I can indeed start there, I am obsessed with numbers and rate things all the time to try to organize a world that is complex of my own making.

However, my OCD can’t stop burrowing into more and more detail. I really would rather explain my pain in 700 words or more, and even then I would feel like I haven’t described it perfectly. When seeing a psychiatrist, who allows me to speak freely, I am a babbling mess. “Mess” in that I am often taking something that should be one sentence and turning it into a ten-minute non-stop oral history of the situation at hand.

So I am asked to rate my pain (or anything) on a scale of 1 to 10. And I start there. But then my OCD causes me to think more—unsatisfied with, say, an answer of “3.”

No, it’s more of a 3.5. I’ve now moved what was supposed to be a simple non-technical measurement by a literal order of magnitude. I am now rating on a scale of 1 to 100, my pain is a 35.

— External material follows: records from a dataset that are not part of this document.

(* Assume $J$ with domain $\mathcal F(\Gamma)$ is not essentially selfadjoint in $\ell^2(\Gamma)$. Fix a vertex $x_0$ with $\ell(x_0)=0$ and a nonreal $z\in\mathbb C$. Let $u:\Gamma\to\mathbb C$ satisfy $u\neq0$, $u(x_0)=0$ and $(Ju)(x)=zu(x)$ for all $x\neq x_0$. Then $u\in\ell^2(\Gamma)$.
   Context: Let $\Gamma$ be an infinite connected tree whose vertices are arranged in levels $\ell(x)\in\{0,1,2,\dots\}$: every vertex $x$ is adjacent to exactly one vertex $x'$ with $\ell(x')=\ell(x)+1$; for $\ell(x)\ge 1$ the set $N_x=\{y:\ y'=x\}$ of neighbours of $x$ on level $\ell(x)-1$ is finite and nonempty; $N_x=\emptyset$ if $\ell(x)=0$; there are no other edges. Fix $\lambda_x>0$, $\beta_x\in\mathbb R$. The Jacobi matrix $J$ acts on functions $v:\Gamma\to\mathbb C$ by $(Jv)(x)=\lambda_x v(x')+\beta_x v(x)+\sum_{y\in N_x}\lambda_y v(y)$. $\mathcal F(\Gamma)$ denotes the finitely supported functions; $J$ with domain $\mathcal F(\Gamma)$ is symmetric in $\ell^2(\Gamma)$. *)

theory Defs
  imports "HOL-Analysis.Analysis"
begin

text \<open>The tree: vertices are the elements of the type 'a; lev is the level function,
  par x is the unique neighbour x' of x on the next level. Edges are exactly x -- par x.\<close>

definition children :: "('a \<Rightarrow> 'a) \<Rightarrow> 'a \<Rightarrow> 'a set" where
  "children par x = {y. par y = x}"

definition level_tree :: "('a \<Rightarrow> nat) \<Rightarrow> ('a \<Rightarrow> 'a) \<Rightarrow> bool" where
  "level_tree lev par \<longleftrightarrow>
     infinite (UNIV :: 'a set) \<and>
     (\<forall>x. lev (par x) = Suc (lev x)) \<and>
     (\<forall>x. lev x \<ge> 1 \<longrightarrow> finite (children par x) \<and> children par x \<noteq> {}) \<and>
     (\<forall>x. lev x = 0 \<longrightarrow> children par x = {}) \<and>
     (\<forall>x y. \<exists>n m. (par ^^ n) x = (par ^^ m) y)"

definition jacobi :: "('a \<Rightarrow> 'a) \<Rightarrow> ('a \<Rightarrow> real) \<Rightarrow> ('a \<Rightarrow> real) \<Rightarrow> ('a \<Rightarrow> complex) \<Rightarrow> 'a \<Rightarrow> complex" where
  "jacobi par lam bet v x =
     complex_of_real (lam x) * v (par x) + complex_of_real (bet x) * v x
     + (\<Sum>y\<in>children par x. complex_of_real (lam y) * v y)"

definition fin_supp :: "('a \<Rightarrow> complex) set" where
  "fin_supp = {v. finite {x. v x \<noteq> 0}}"

definition l2 :: "('a \<Rightarrow> complex) set" where
  "l2 = {v. (\<lambda>x. (cmod (v x))\<^sup>2) summable_on UNIV}"

definition l2_inner :: "('a \<Rightarrow> complex) \<Rightarrow> ('a \<Rightarrow> complex) \<Rightarrow> complex" where
  "l2_inner v w = infsum (\<lambda>x. v x * cnj (w x)) UNIV"

definition l2_norm :: "('a \<Rightarrow> complex) \<Rightarrow> real" where
  "l2_norm v = sqrt (infsum (\<lambda>x. (cmod (v x))\<^sup>2) UNIV)"

text \<open>Operators in l^2 are represented by their graphs (sets of pairs (v, Tv)).\<close>

definition adjoint_graph :: "(('a \<Rightarrow> complex) \<times> ('a \<Rightarrow> complex)) set \<Rightarrow> (('a \<Rightarrow> complex) \<times> ('a \<Rightarrow> complex)) set" where
  "adjoint_graph G = {(w, g). w \<in> l2 \<and> g \<in> l2 \<and> (\<forall>(v, h)\<in>G. l2_inner h w = l2_inner v g)}"

definition closure_graph :: "(('a \<Rightarrow> complex) \<times> ('a \<Rightarrow> complex)) set \<Rightarrow> (('a \<Rightarrow> complex) \<times> ('a \<Rightarrow> complex)) set" where
  "closure_graph G = {(w, g). w \<in> l2 \<and> g \<in> l2 \<and>
     (\<exists>s :: nat \<Rightarrow> ('a \<Rightarrow> complex) \<times> ('a \<Rightarrow> complex). (\<forall>n. s n \<in> G) \<and>
        (\<lambda>n. l2_norm (\<lambda>x. fst (s n) x - w x)) \<longlonglongrightarrow> 0 \<and>
        (\<lambda>n. l2_norm (\<lambda>x. snd (s n) x - g x)) \<longlonglongrightarrow> 0)}"
theorem corollary3p2:
  fixes V :: "('a::alg_closed_field ^2^2) set"
  assumes "mathieu_subspace V" and "dim2 V"
  shows "V \<subseteq> {b. trace b = 0} \<or>
    (\<exists>e1 e2 (l1::'a) (l2::'a). e1 \<noteq> 0 \<and> e2 \<noteq> 0 \<and> e1 ** e1 = e1 \<and> e2 ** e2 = e2 \<and>
       e1 + e2 = mat 1 \<and> l1 \<noteq> 0 \<and> l2 \<noteq> 0 \<and> l1 \<noteq> l2 \<and> l1 + l2 \<noteq> 0 \<and>
       V = {c *\<^sub>M (l1 *\<^sub>M e1 + l2 *\<^sub>M e2) + e1 ** m ** e2 | c m. True})"
proof (cases "V \<subseteq> {b. trace b = 0}")
  case True
  then show ?thesis by blast
next
  case False
  then obtain D N where V: "V = {c *\<^sub>M D + t *\<^sub>M N | c t. True}"
    and D: "trace D = 1" and N: "trace N = 0" "N \<noteq> 0"
    using dim2_trace_one_basis assms(2) by blast
  have span: "c *\<^sub>M D + t *\<^sub>M N \<in> V" for c t
    using V by blast
  obtain l where "D ** N = l *\<^sub>M N" "N ** D = (1 - l) *\<^sub>M N" "det D = l * (1 - l)"
    and l: "l \<noteq> 0" "1 - l \<noteq> 0" "l \<noteq> 1 - l"
    using idempotent_free_pencil_eigenvalues[OF mathieu_dim2_idempotent_free[OF assms] span D N] .
  then obtain e1 e2 where "e1 \<noteq> 0 \<and> e2 \<noteq> 0 \<and> e1 ** e1 = e1 \<and> e2 ** e2 = e2 \<and> e1 + e2 = mat 1 \<and>
      V = {c *\<^sub>M (l *\<^sub>M e1 + (1 - l) *\<^sub>M e2) + e1 ** m ** e2 | c m. True}"
    using span_eq_spectral_corner_2x2[of D l "1 - l" N] D N V by auto
  moreover have "l + (1 - l) \<noteq> 0" by simp
  ultimately show ?thesis using l by blast
qed

end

It gets even more detailed, seemingly around certain numbers. I have a notion that 7 is a special place on the scale of 1 to 10. I could get more into what I feel about 7 out of 10, but it’s just a place I feel a lot of detail. I understand 7. I know 7 in and out.

And thus, if I am around the number 7 (which my pain right now isn’t, but other things I rate are—like how much I enjoy something or how high my anxiety is)… I will go into quarters: 7.25, 7.5, 7.75.

This also happens around the number 9, and for a different reason. My OCD does not feel right saying “10” when asked the 1-out-of-10 question. I don’t feel like one can ever reach 10, as that essentially leaves no room for more detail on the upper end. Which I abhor. I always feel like more detail can be attained up or down from something. And I also don’t want to break the system and go over 10. There is no 11, or 10.5. That doesn’t work for me.

So in these cases (and they usually involve how high my anxiety is), I will often give ratings of 9.8, and even something like 9.85.

Note, I am not just throwing out numbers here. My OCD is just finding more detail to add to the base integer.

I think of 7 and 8, and I feel like I’m around 7. But not exactly 7. And not exactly 8. I find understanding in these whole numbers, and that understanding is not perfect enough. So I add (or subtract) from it more detail in the form of fractions. “.25” from 7 means something specific (depending on what is being measured.)

It is my way of being verbose when others attempt to contain me in brevity.

And, when finally translated by the person asking… I pretty much know they ignore the part after the decimal. They round down, I know they do.

I am at 7.25 in my mind. To them, I am a nice round 7.

But.

I am truly a 7.25. And I will stick to that. Because that .25 means something to me.